** Given entries follows **

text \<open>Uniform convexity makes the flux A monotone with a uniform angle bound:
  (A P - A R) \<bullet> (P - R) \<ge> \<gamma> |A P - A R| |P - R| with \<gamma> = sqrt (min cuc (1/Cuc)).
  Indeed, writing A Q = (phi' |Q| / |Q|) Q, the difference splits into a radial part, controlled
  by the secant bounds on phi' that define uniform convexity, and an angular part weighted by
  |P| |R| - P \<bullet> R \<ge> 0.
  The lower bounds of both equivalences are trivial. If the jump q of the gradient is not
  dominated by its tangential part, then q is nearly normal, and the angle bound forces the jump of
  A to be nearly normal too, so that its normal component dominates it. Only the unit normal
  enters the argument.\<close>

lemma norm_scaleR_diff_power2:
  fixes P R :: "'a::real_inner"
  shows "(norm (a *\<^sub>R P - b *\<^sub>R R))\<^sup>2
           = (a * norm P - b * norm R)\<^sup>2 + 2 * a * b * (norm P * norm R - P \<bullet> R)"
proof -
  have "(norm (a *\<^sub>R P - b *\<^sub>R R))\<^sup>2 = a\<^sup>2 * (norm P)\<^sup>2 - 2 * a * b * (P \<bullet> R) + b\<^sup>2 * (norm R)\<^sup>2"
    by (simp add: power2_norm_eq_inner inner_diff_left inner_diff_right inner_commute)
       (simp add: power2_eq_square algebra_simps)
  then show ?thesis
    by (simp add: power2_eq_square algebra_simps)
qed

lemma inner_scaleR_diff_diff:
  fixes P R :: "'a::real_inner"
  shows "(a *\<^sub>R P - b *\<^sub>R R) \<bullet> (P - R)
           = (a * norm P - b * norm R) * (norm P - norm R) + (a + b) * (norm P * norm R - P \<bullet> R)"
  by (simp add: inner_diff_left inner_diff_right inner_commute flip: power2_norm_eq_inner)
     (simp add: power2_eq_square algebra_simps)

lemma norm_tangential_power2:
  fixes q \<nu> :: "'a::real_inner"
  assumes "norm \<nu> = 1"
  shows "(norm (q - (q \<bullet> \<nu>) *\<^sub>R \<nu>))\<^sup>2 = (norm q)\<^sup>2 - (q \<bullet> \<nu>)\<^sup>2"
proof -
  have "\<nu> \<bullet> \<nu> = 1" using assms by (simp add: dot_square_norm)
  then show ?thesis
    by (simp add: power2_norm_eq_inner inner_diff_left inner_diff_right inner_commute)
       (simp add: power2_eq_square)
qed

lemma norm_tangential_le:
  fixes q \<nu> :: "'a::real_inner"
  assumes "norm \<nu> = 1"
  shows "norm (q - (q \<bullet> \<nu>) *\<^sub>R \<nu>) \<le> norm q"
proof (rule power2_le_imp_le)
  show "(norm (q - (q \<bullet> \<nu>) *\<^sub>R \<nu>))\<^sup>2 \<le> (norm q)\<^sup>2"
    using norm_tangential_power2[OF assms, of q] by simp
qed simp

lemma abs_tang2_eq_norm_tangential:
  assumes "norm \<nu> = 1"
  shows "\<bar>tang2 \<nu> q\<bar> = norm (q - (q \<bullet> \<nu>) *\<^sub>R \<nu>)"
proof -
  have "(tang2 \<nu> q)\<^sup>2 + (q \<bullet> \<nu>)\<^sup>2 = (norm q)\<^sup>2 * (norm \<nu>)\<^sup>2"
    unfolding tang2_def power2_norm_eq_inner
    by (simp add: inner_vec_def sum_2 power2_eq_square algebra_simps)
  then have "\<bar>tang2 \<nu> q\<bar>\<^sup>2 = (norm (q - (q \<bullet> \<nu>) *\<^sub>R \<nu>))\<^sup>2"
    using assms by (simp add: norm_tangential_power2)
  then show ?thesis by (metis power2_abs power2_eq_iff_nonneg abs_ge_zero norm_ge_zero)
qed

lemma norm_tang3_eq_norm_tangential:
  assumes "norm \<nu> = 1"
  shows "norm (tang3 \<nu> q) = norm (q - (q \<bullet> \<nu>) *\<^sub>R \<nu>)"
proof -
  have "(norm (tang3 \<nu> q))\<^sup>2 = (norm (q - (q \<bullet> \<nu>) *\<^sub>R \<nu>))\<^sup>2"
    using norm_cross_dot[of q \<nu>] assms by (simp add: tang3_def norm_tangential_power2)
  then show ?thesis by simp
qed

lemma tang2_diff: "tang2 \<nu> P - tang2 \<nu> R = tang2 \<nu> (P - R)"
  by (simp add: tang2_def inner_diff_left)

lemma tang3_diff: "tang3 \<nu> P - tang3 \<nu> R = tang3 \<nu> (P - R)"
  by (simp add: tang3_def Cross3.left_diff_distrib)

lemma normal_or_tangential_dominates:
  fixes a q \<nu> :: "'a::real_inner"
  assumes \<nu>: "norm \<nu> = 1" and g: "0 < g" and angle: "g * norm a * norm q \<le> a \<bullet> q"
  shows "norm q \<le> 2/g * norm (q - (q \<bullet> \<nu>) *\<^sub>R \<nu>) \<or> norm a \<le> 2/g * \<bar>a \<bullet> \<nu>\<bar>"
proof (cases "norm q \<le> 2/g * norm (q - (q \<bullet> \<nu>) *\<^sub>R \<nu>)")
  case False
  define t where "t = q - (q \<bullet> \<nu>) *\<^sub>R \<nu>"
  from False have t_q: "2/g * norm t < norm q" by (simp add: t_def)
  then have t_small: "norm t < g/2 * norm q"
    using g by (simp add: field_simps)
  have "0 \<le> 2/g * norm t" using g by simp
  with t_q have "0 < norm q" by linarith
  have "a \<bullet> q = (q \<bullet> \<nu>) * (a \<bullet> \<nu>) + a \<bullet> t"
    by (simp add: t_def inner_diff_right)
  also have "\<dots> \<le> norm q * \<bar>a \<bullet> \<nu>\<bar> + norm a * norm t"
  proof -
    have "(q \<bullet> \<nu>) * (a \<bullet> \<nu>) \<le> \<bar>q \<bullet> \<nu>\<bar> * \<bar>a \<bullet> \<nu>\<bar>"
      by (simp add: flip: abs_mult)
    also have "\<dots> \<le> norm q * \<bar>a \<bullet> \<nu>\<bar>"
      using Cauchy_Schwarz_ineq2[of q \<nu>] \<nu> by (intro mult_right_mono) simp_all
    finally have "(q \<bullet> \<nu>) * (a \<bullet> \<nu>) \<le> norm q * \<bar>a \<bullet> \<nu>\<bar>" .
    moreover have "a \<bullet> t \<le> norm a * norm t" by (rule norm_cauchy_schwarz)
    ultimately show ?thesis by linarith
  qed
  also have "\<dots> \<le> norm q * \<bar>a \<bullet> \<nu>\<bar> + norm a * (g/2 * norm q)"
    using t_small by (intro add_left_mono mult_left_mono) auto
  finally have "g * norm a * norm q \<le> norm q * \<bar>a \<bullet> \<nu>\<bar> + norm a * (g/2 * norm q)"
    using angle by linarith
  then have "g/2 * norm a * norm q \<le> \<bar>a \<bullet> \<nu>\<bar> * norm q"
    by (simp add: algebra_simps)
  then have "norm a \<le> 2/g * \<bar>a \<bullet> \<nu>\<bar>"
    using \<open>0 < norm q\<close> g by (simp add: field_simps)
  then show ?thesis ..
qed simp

** End of Given entries **
** Given entries follows **

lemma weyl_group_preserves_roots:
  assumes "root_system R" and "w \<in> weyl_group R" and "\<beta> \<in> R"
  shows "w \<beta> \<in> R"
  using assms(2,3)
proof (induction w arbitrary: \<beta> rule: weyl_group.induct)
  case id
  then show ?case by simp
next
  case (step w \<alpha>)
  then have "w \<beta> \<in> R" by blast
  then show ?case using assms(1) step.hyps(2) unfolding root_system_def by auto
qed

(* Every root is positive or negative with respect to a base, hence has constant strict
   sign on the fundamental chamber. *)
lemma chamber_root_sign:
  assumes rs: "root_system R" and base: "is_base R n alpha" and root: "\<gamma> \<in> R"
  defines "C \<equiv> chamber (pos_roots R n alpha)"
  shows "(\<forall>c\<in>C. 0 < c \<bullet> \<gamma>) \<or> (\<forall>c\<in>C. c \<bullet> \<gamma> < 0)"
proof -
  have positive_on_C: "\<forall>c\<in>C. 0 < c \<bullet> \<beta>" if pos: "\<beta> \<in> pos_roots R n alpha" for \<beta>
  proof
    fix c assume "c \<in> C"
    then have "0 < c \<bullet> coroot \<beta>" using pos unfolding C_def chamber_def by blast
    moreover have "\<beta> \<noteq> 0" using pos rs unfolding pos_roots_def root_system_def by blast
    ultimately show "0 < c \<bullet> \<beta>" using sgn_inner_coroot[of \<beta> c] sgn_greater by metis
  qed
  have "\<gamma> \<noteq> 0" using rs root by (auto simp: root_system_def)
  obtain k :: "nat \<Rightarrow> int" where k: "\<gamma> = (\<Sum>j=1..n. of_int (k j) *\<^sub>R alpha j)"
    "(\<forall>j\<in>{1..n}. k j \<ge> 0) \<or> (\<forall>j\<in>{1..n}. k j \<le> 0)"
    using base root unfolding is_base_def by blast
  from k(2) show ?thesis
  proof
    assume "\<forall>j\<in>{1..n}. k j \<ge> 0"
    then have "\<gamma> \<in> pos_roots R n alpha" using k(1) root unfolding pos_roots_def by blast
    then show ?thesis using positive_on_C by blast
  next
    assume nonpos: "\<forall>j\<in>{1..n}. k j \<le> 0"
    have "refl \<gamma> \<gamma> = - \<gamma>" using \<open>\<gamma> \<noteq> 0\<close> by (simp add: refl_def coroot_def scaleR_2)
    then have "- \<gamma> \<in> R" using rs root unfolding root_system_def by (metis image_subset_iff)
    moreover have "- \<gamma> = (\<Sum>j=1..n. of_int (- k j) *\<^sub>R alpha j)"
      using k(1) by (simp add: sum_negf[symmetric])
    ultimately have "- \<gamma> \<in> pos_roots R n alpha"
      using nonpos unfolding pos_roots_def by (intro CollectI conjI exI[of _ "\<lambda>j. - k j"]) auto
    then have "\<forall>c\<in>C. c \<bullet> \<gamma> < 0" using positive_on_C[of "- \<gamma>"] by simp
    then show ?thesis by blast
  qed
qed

** End of Given entries **

◆ **What to work on**: From the entries above, extract every line where the word "ultimately" appears.

◆ **Your response**:
    ultimately show ?thesis by linarith
    ultimately show "0 < c \<bullet> \<beta>" using sgn_inner_coroot[of \<beta> c] sgn_greater by metis
    ultimately have "- \<gamma> \<in> pos_roots R n alpha"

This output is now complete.